Anaphora in a text is when a referring expression (like a pronoun) refers to an antecedent entity.

For example,

وَإِذَا طَلَّقْتُمُ ٱلنِّسَآءَ فَبَلَغْنَ [أَجَلَهُنَّ الزوجة ] فَلَا [تَعْضُلُوهُنَّ الزوجة ] أَن يَنكِحْنَ أَزْوَٰجَهُنَّ إِذَا تَرَٰضَوْا۟ بَيْنَهُم بِٱلْمَعْرُوفِ

In the verse above, the feminine plural third person pronoun 'هن' refers to the noun women 'النساء'.

Note, in the above example that after the word 'women' mentioned, there were 5 instance of the pronoun هن referring to this same entity. These pronouns all co-refer to the entity. All these co-referring expressions form a chain called coreference chain.

Computationally, two tasks are popular:

  • coreference resolution: where coreference chain is found.
  • pronominal anaphora resolution: where given a pronoun, the referent is identified.

Contents

Annotating Quran with Pronoun referents

Resolving pronominal anaphora in the Qur’an leads to better understanding of the Qur’an in general and helps in various NLP applications. It happens in many instances –especially in the context of stories- that the referent is mentioned at a very early stage. When tagging such pronouns with their referents will make computational analysis much easier. Consider the example in verse 2:92:

وَلَقَدْ جَاءَكُم مُّوسَىٰ بِالْبَيِّنَاتِ
And Moses had certainly brought you clear proofs.

Here the pronoun ‘you’ refers to ‘the children of Israel’, but is never found nearby and the earliest reference was made 10 verses earlier in 2:83.

Moreover, as the Qur’an being the revelation of Allah to Prophet Muhammad, it is common to refer to Allah in 1st person form (both singular and plural), and refer to Prophet Muhammad as 2nd person. Examples 2:4 and 2:23 below illustrate this. Note that It has been a practice by most English translators to include 2nd person reference to Prophet Muhammad in square brackets.


وَالَّذِينَ يُؤْمِنُونَ بِمَا أُنزِلَ إِلَيْكَ وَمَا أُنزِلَ مِن قَبْلِكَ 
And who believe in what has been revealed to you, [O Muhammad], and what was revealed before you, [2:4]


وَإِن كُنتُمْ فِي رَيْبٍ مِّمَّا نَزَّلْنَا عَلَىٰ عَبْدِنَا فَأْتُوا بِسُورَةٍ مِّن مِّثْلِهِ
And if you are in doubt about what We have sent down upon Our Servant [Muhammad], then produce a surah the like thereof [2:23]

Given that Quranic style portraits abundant use of pronouns like the verse 43:37 blow, tagging these pronouns will add greatly to understanding the Quran.
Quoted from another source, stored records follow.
(* Let $X$ be a topological space and $n\ge1$ an integer. There exists at most one partition $X=\Gamma_1\sqcup\Gamma_2$ with the following properties: (i) $\Gamma_1$ is open in $X$ and there is a homeomorphism $\psi_1\colon\mathbb R^\times\to\Gamma_1$; (ii) there is a homeomorphism $\psi_2\colon\mathbb R^{2n}\to\Gamma_2$; (iii) for every subset $A\subseteq\mathbb R^\times$ the following are equivalent: $0$ is an accumulation point of $A$; $\Gamma_2\cap\overline{\psi_1(A)}\ne\emptyset$; $\Gamma_2\subseteq\overline{\psi_1(A)}$. Moreover, for such a partition, $\Gamma_2$ is the unique maximal element of the partially ordered set $\mathrm{Cl}_H(X)$.
   Context: $\mathbb R^\times=\mathbb R\setminus\{0\}$. $\mathrm{Cl}_H(X)$ denotes the set of all closed subsets of $X$ that are connected and Hausdorff in the relative topology, partially ordered by inclusion. Subspaces $\Gamma_1,\Gamma_2$ carry the relative topology. *)

theory Defs
  imports "HOL-Analysis.Analysis"
begin

definition ClH :: "'a topology \<Rightarrow> 'a set set" where
  "ClH X = {C. closedin X C \<and> connectedin X C \<and> Hausdorff_space (subtopology X C)}"

definition special_partition :: "'a topology \<Rightarrow> nat \<Rightarrow> 'a set \<Rightarrow> 'a set \<Rightarrow> bool" where
  "special_partition X n G1 G2 \<longleftrightarrow>
     G1 \<union> G2 = topspace X \<and> G1 \<inter> G2 = {} \<and>
     openin X G1 \<and>
     (\<exists>\<psi>2. homeomorphic_map (Euclidean_space (2 * n)) (subtopology X G2) \<psi>2) \<and>
     (\<exists>\<psi>1. homeomorphic_map (top_of_set (- {0::real})) (subtopology X G1) \<psi>1 \<and>
        (\<forall>A. A \<subseteq> - {0} \<longrightarrow>
           ((0 islimpt A) \<longleftrightarrow> G2 \<inter> X closure_of (\<psi>1 ` A) \<noteq> {}) \<and>
           (G2 \<inter> X closure_of (\<psi>1 ` A) \<noteq> {} \<longleftrightarrow> G2 \<subseteq> X closure_of (\<psi>1 ` A))))"

definition maximal_in :: "'a set set \<Rightarrow> 'a set \<Rightarrow> bool" where
  "maximal_in S C \<longleftrightarrow> C \<in> S \<and> (\<forall>D\<in>S. C \<subseteq> D \<longrightarrow> D = C)"

end

(*
  Gamma2 is closed, being the complement of the open Gamma1, and it is connected and
  Hausdorff as a copy of R^2n. For D in Cl_H(X), psi1^-1(D) cannot accumulate at 0:
  otherwise by (iii) D would contain Gamma2, and every neighbourhood of a point of
  Gamma2 would contain psi1(a) for all such a near 0, so two points of Gamma2 could not
  be separated in D. Hence, by (iii) again, the intersection of D with Gamma1 is closed
  as well as open in D, and connectedness puts D inside Gamma1 or inside Gamma2; in
  particular Gamma2 is maximal. A member C of Cl_H(X) inside Gamma1 is psi1 of a connected
  set bounded away from 0, so it lies in a ray [e, oo) or (-oo, -e]; psi1 of the ray
  [e/2, oo), resp. (-oo, -e/2], is a strictly larger member of Cl_H(X). Thus Gamma2 is
  the unique maximal element, which determines Gamma2 and with it Gamma1 = X - Gamma2.
*)

theory Submission
  imports Defs
begin

lemma closedin_if_closedin_subtopology_closure_subset:
  assumes "closedin (subtopology X U) S" and "X closure_of S \<subseteq> U"
  shows "closedin X S"
proof -
  obtain T where T: "closedin X T" "S = T \<inter> U"
    using assms(1) by (auto simp: closedin_subtopology)
  have "X closure_of S \<subseteq> T"
    using T by (simp add: closure_of_minimal)
  with assms(2) T(2) have "X closure_of S \<subseteq> S" by blast
  moreover have "S \<subseteq> topspace X"
    using T closedin_subset by blast
  ultimately show ?thesis
    using closure_of_subset_eq by blast
qed

lemma connected_not_limpt_psubset_closed_connected:
  fixes B :: "real set"
  assumes "connected B" "\<not> 0 islimpt B" "0 \<notin> B"
  obtains I where "closed I" "connected I" "0 \<notin> I" "B \<subset> I"
proof -
  obtain e where "e > 0" and e0: "\<forall>b\<in>B. b \<noteq> 0 \<longrightarrow> e \<le> dist b 0"
    using assms(2) unfolding islimpt_approachable by (auto simp: not_less)
  have e: "e \<le> \<bar>b\<bar>" if "b \<in> B" for b
    using e0 that assms(3) by (auto simp: dist_real_def)
  have "B \<subseteq> {0<..} \<or> B \<subseteq> {..<0}"
  proof (rule ccontr)
    assume "\<not> (B \<subseteq> {0<..} \<or> B \<subseteq> {..<0})"
    then obtain a b where "a \<in> B" "b \<in> B" "a \<le> 0" "0 \<le> b"
      by (auto simp: subset_iff not_less)
    then show False
      using assms(1,3) unfolding connected_iff_interval by blast
  qed
  then show thesis
  proof
    assume "B \<subseteq> {0<..}"
    then have "B \<subseteq> {e/2..}"
      using \<open>e > 0\<close> e by fastforce
    moreover have "e/2 \<notin> B"
      using \<open>e > 0\<close> e[of "e/2"] by auto
    ultimately show thesis
      using \<open>e > 0\<close> by (intro that[of "{e/2..}"]) (auto simp: is_interval_connected)
  next
    assume "B \<subseteq> {..<0}"
    then have "B \<subseteq> {..-e/2}"
      using \<open>e > 0\<close> e by fastforce
    moreover have "-e/2 \<notin> B"
      using \<open>e > 0\<close> e[of "-e/2"] by auto
    ultimately show thesis
      using \<open>e > 0\<close> by (intro that[of "{..-e/2}"]) (auto simp: is_interval_connected)
  qed
qed

locale punctured_line_partition =
  fixes X :: "'a topology" and G1 G2 :: "'a set" and \<psi> :: "real \<Rightarrow> 'a"
  assumes partition: "G1 \<union> G2 = topspace X" "G1 \<inter> G2 = {}"
    and openin_G1: "openin X G1"
    and homeomorphic_\<psi>: "homeomorphic_map (top_of_set (- {0})) (subtopology X G1) \<psi>"
    and connectedin_G2: "connectedin X G2"
    and Hausdorff_space_G2: "Hausdorff_space (subtopology X G2)"
    and two_points_G2: "\<exists>x\<in>G2. \<exists>y\<in>G2. x \<noteq> y"
    and limpt_imp_subset_closure:
      "\<And>A. A \<subseteq> - {0} \<Longrightarrow> 0 islimpt A \<Longrightarrow> G2 \<subseteq> X closure_of (\<psi> ` A)"
    and limpt_if_closure_meets:
      "\<And>A. A \<subseteq> - {0} \<Longrightarrow> G2 \<inter> X closure_of (\<psi> ` A) \<noteq> {} \<Longrightarrow> 0 islimpt A"
begin

lemma image_\<psi>: "\<psi> ` (- {0}) = G1"
  using homeomorphic_imp_surjective_map[OF homeomorphic_\<psi>] partition by auto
وَإِنَّهُمْ لَيَصُدُّونَهُمْ عَنِ السَّبِيلِ وَيَحْسَبُونَ أَنَّهُم مُّهْتَدُونَ
And indeed, they avert them from the way [of guidance] while they think that they are [rightly] guided

Annotation Scope

We have created annotation of the Quranic pronouns that are tagged in Quranic Arabic corpus as PRON. These are amounting to 24,668 instances. With each such instance we link this pronoun to a list of concepts and also identify the location of the antecedent if available.

Maintaining an ontological listing of concepts helps in keeping multiple Quranic terms converge to a single concept, thus improve searching for this concept. For example the concept "Quran" is referred in the Quran by various terms other than the word "Quran" like "Book", "reminder", "light", "distinguishes", etc. Some of these terms also share with other concepts like "Torah" or "Gospel".


This annotation is available through this query page which provides following information for an entered verse.

File:Pronoun.PNG

Statistics

The Quranic Arabic Corpus (QAC) gives three tags for pronouns :

  • PRON: These are personal pronouns like “I, we, you, them, us, etc.” In Arabic these pronouns can be separate words or they could be attached with the verb or noun. In total QAC have a total of 24,668 words (83.8%) among them only 3301 pronouns are separate word pronoun and the rest are attached to another word (often a verb or noun).
  • DEM: Demonstrative pronouns like “this, that, these, those, etc.”. In QAC their total is 1,060 representing only 3.6% of the total pronouns in the Qur’an.
  • REL: Relative pronouns like “which, that, etc.” counts 3,766 (12.8%).

Among the 24,668 pronouns in the QAC corpus of the Quran, 13,158 pronouns (i.e.,53%) showed antecedents the rest has no antecedents. Among these available antecedents, some 112 pronouns had antecedents coming after the pronoun.

Among the 13,158 pronouns which has antecedents, only 2,309 (17.5%) antecedents matched with the nearest preceding noun. Considering the whole population of pronouns only 9% antecedents are captured correctly when attaching with the nearest preceding noun.

We found that 80% of the antecedents stay within 50 segments from the pronoun. 75% within 40 word segments. 67% within 30 word segments. 55% within 20 word segments.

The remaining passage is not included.